lemma common_divisor_nonzero_at_origin:
  fixes h P Q :: poly3
  assumes "h dvd P" "h dvd Q"
    and no_common_zero: "\<And>u w. poly3_eval P u 0 w = 0 \<Longrightarrow> poly3_eval Q u 0 w = 0 \<Longrightarrow> u = 0 \<and> w = 0"
  shows "poly3_eval h 0 0 0 \<noteq> 0"
proof -
  obtain g1 g2 where "P = h * g1" "Q = h * g2"
    using assms(1,2) by (elim dvdE)
  then have h_zero: "u = 0 \<and> w = 0" if "poly3_eval h u 0 w = 0" for u w
    using that by (intro no_common_zero) simp_all
  define c where "c = poly3_eval h 0 0 1"
  have "c \<noteq> 0"
    using h_zero[of 0 1] by (auto simp: c_def)
  have "poly3_eval h s 0 0 = c" if "s \<noteq> 0" for s
  proof -
    have "poly3_eval h (s + t * - s) (0 + t * 0) (0 + t * 1) \<noteq> 0" for t
      using h_zero[of "s + t * - s" t] \<open>s \<noteq> 0\<close> by auto
    then have "poly3_eval h (s + - s) (0 + 0) (0 + 1) = poly3_eval h s 0 0"
      by (rule poly3_eval_constant_on_line)
    then show ?thesis
      by (simp add: c_def)
  qed
  then have "poly3_eval h 0 0 0 = c"
    using poly3_eval_on_line_at_0[of h 0 1 0 0 0 0 c] by simp
  with \<open>c \<noteq> 0\<close> show ?thesis
    by simp
qed

lemma divisor_of_homogeneous_eq_const:
  fixes h P :: poly3
  assumes "h dvd P" "P \<noteq> 0"
    and homogeneous: "\<And>t u v w. poly3_eval P (t * u) (t * v) (t * w) = t ^ N * poly3_eval P u v w"
    and origin: "poly3_eval h 0 0 0 \<noteq> 0"
  shows "h = const3 (poly3_eval h 0 0 0)"
proof -
  define c where "c = poly3_eval h 0 0 0"
  obtain g where P: "P = h * g"
    using assms(1) by (rule dvdE)
  have "poly3_eval h u v w = c" if "poly3_eval P u v w \<noteq> 0" for u v w
  proof -
    have "poly3_eval h (0 + t * u) (0 + t * v) (0 + t * w) \<noteq> 0" for t
    proof (cases "t = 0")
      case False
      then have "poly3_eval P (t * u) (t * v) (t * w) \<noteq> 0"
        using that by (simp add: homogeneous)
      then show ?thesis
        by (simp add: P)
    qed (use origin in simp)
    from poly3_eval_constant_on_line[OF this] show ?thesis
      by (simp add: c_def)
  qed
  then have "poly3_eval ((h - const3 c) * P) u v w = 0" for u v w
    by (cases "poly3_eval P u v w = 0") simp_all
  then have "(h - const3 c) * P = 0"
    by (rule poly3_eq_0_if_eval_eq_0)
  with \<open>P \<noteq> 0\<close> show ?thesis
    by (simp add: c_def)
qed

lemma reduced_iter_lift_R: "reduced_lift (iter_lift R_lift n)"
proof -
  obtain F1 F2 F3 where F: "iter_lift R_lift n = (F1, F2, F3)"
    by (cases "iter_lift R_lift n")
  have R_point_iter: "(R_point ^^ n) (u, v, w) = (poly3_eval F1 u v w, poly3_eval F2 u v w, poly3_eval F3 u v w)" for u v w
    using fun_cong[OF eval_iter_lift_R, of n "(u, v, w)"] by (simp add: F eval_lift_def)
  have homogeneous: "poly3_eval F1 (t * u) (t * v) (t * w) = t ^ 4 ^ n * poly3_eval F1 u v w" for t u v w
    using R_point_iter_scale3[of n t "(u, v, w)"] by (simp add: R_point_iter scale3_def)
  have plane: "poly3_eval F1 u 0 w = u ^ 4 ^ n" "poly3_eval F3 u 0 w = w ^ 4 ^ n" for u w
    using R_point_iter_plane[of n u w] by (simp_all add: R_point_iter)
  have "F1 \<noteq> 0"
    using plane(1)[of 1 0] by auto
  have "is_unit h" if "h dvd F1" "h dvd F2" "h dvd F3" for h
  proof -
    have "poly3_eval h 0 0 0 \<noteq> 0"
      using that(1,3) by (rule common_divisor_nonzero_at_origin) (simp add: plane)
    with that(1) \<open>F1 \<noteq> 0\<close> homogeneous have "h = const3 (poly3_eval h 0 0 0)"
      by (intro divisor_of_homogeneous_eq_const)
    with \<open>poly3_eval h 0 0 0 \<noteq> 0\<close> show ?thesis
      by (auto simp: is_unit_poly3_iff)
  qed
  then show ?thesis
    by (simp add: F reduced_lift_def)
qed

section \<open>The iterates of R are homogeneous\<close>

text \<open>H d x means that x is homogeneous of degree d; graded_poly H d p then says that
p = \<Sum> c_k X^k is homogeneous of degree d, i.e. each c_k is homogeneous of degree d - k
and c_k = 0 for k > d.\<close>

definition is_grading :: "(nat \<Rightarrow> 'a::comm_semiring_1 \<Rightarrow> bool) \<Rightarrow> bool"
  where "is_grading H \<longleftrightarrow> (\<forall>d. H d 0) \<and> H 0 1 \<and> (\<forall>d x y. H d x \<longrightarrow> H d y \<longrightarrow> H d (x + y))
     \<and> (\<forall>a b x y. H a x \<longrightarrow> H b y \<longrightarrow> H (a + b) (x * y))"

definition graded_poly :: "(nat \<Rightarrow> 'a::comm_semiring_1 \<Rightarrow> bool) \<Rightarrow> nat \<Rightarrow> 'a poly \<Rightarrow> bool"
  where "graded_poly H d p \<longleftrightarrow> (\<forall>k. if k \<le> d then H (d - k) (coeff p k) else coeff p k = 0)"

lemma is_grading_sum:
  assumes "is_grading H" "\<And>i. i \<in> A \<Longrightarrow> H d (f i)"
  shows "H d (sum f A)"
  using assms(2) by (induction A rule: infinite_finite_induct) (use assms(1) in \<open>simp_all add: is_grading_def\<close>)

lemma is_grading_power:
  assumes "is_grading H" "H d x"
  shows "H (n * d) (x ^ n)"
  using assms by (induction n) (auto simp: is_grading_def)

════════════════

◆ Task to carry out
Reproduce word for word the material above, beginning with the line that contains "using assms(1,2) by (elim dvdE)" and ending with the line that contains "w) = (poly3_eval".

◆ Response to the task
    using assms(1,2) by (elim dvdE)
  then have h_zero: "u = 0 \<and> w = 0" if "poly3_eval h u 0 w = 0" for u w
    using that by (intro no_common_zero) simp_all
  define c where "c = poly3_eval h 0 0 1"
  have "c \<noteq> 0"
    using h_zero[of 0 1] by (auto simp: c_def)
  have "poly3_eval h s 0 0 = c" if "s \<noteq> 0" for s
  proof -
    have "poly3_eval h (s + t * - s) (0 + t * 0) (0 + t * 1) \<noteq> 0" for t
      using h_zero[of "s + t * - s" t] \<open>s \<noteq> 0\<close> by auto
    then have "poly3_eval h (s + - s) (0 + 0) (0 + 1) = poly3_eval h s 0 0"
      by (rule poly3_eval_constant_on_line)
    then show ?thesis
      by (simp add: c_def)
  qed
  then have "poly3_eval h 0 0 0 = c"
    using poly3_eval_on_line_at_0[of h 0 1 0 0 0 0 c] by simp
  with \<open>c \<noteq> 0\<close> show ?thesis
    by simp
qed

lemma divisor_of_homogeneous_eq_const:
  fixes h P :: poly3
  assumes "h dvd P" "P \<noteq> 0"
    and homogeneous: "\<And>t u v w. poly3_eval P (t * u) (t * v) (t * w) = t ^ N * poly3_eval P u v w"
    and origin: "poly3_eval h 0 0 0 \<noteq> 0"
  shows "h = const3 (poly3_eval h 0 0 0)"
proof -
  define c where "c = poly3_eval h 0 0 0"
  obtain g where P: "P = h * g"
    using assms(1) by (rule dvdE)
  have "poly3_eval h u v w = c" if "poly3_eval P u v w \<noteq> 0" for u v w
  proof -
    have "poly3_eval h (0 + t * u) (0 + t * v) (0 + t * w) \<noteq> 0" for t
    proof (cases "t = 0")
      case False
      then have "poly3_eval P (t * u) (t * v) (t * w) \<noteq> 0"
        using that by (simp add: homogeneous)
      then show ?thesis
        by (simp add: P)
    qed (use origin in simp)
    from poly3_eval_constant_on_line[OF this] show ?thesis
      by (simp add: c_def)
  qed
  then have "poly3_eval ((h - const3 c) * P) u v w = 0" for u v w
    by (cases "poly3_eval P u v w = 0") simp_all
  then have "(h - const3 c) * P = 0"
    by (rule poly3_eq_0_if_eval_eq_0)
  with \<open>P \<noteq> 0\<close> show ?thesis
    by (simp add: c_def)
qed

lemma reduced_iter_lift_R: "reduced_lift (iter_lift R_lift n)"
proof -
  obtain F1 F2 F3 where F: "iter_lift R_lift n = (F1, F2, F3)"
    by (cases "iter_lift R_lift n")
  have R_point_iter: "(R_point ^^ n) (u, v, w) = (poly3_eval F1 u v w, poly3_eval F2 u v w, poly3_eval F3 u v w)" for u v w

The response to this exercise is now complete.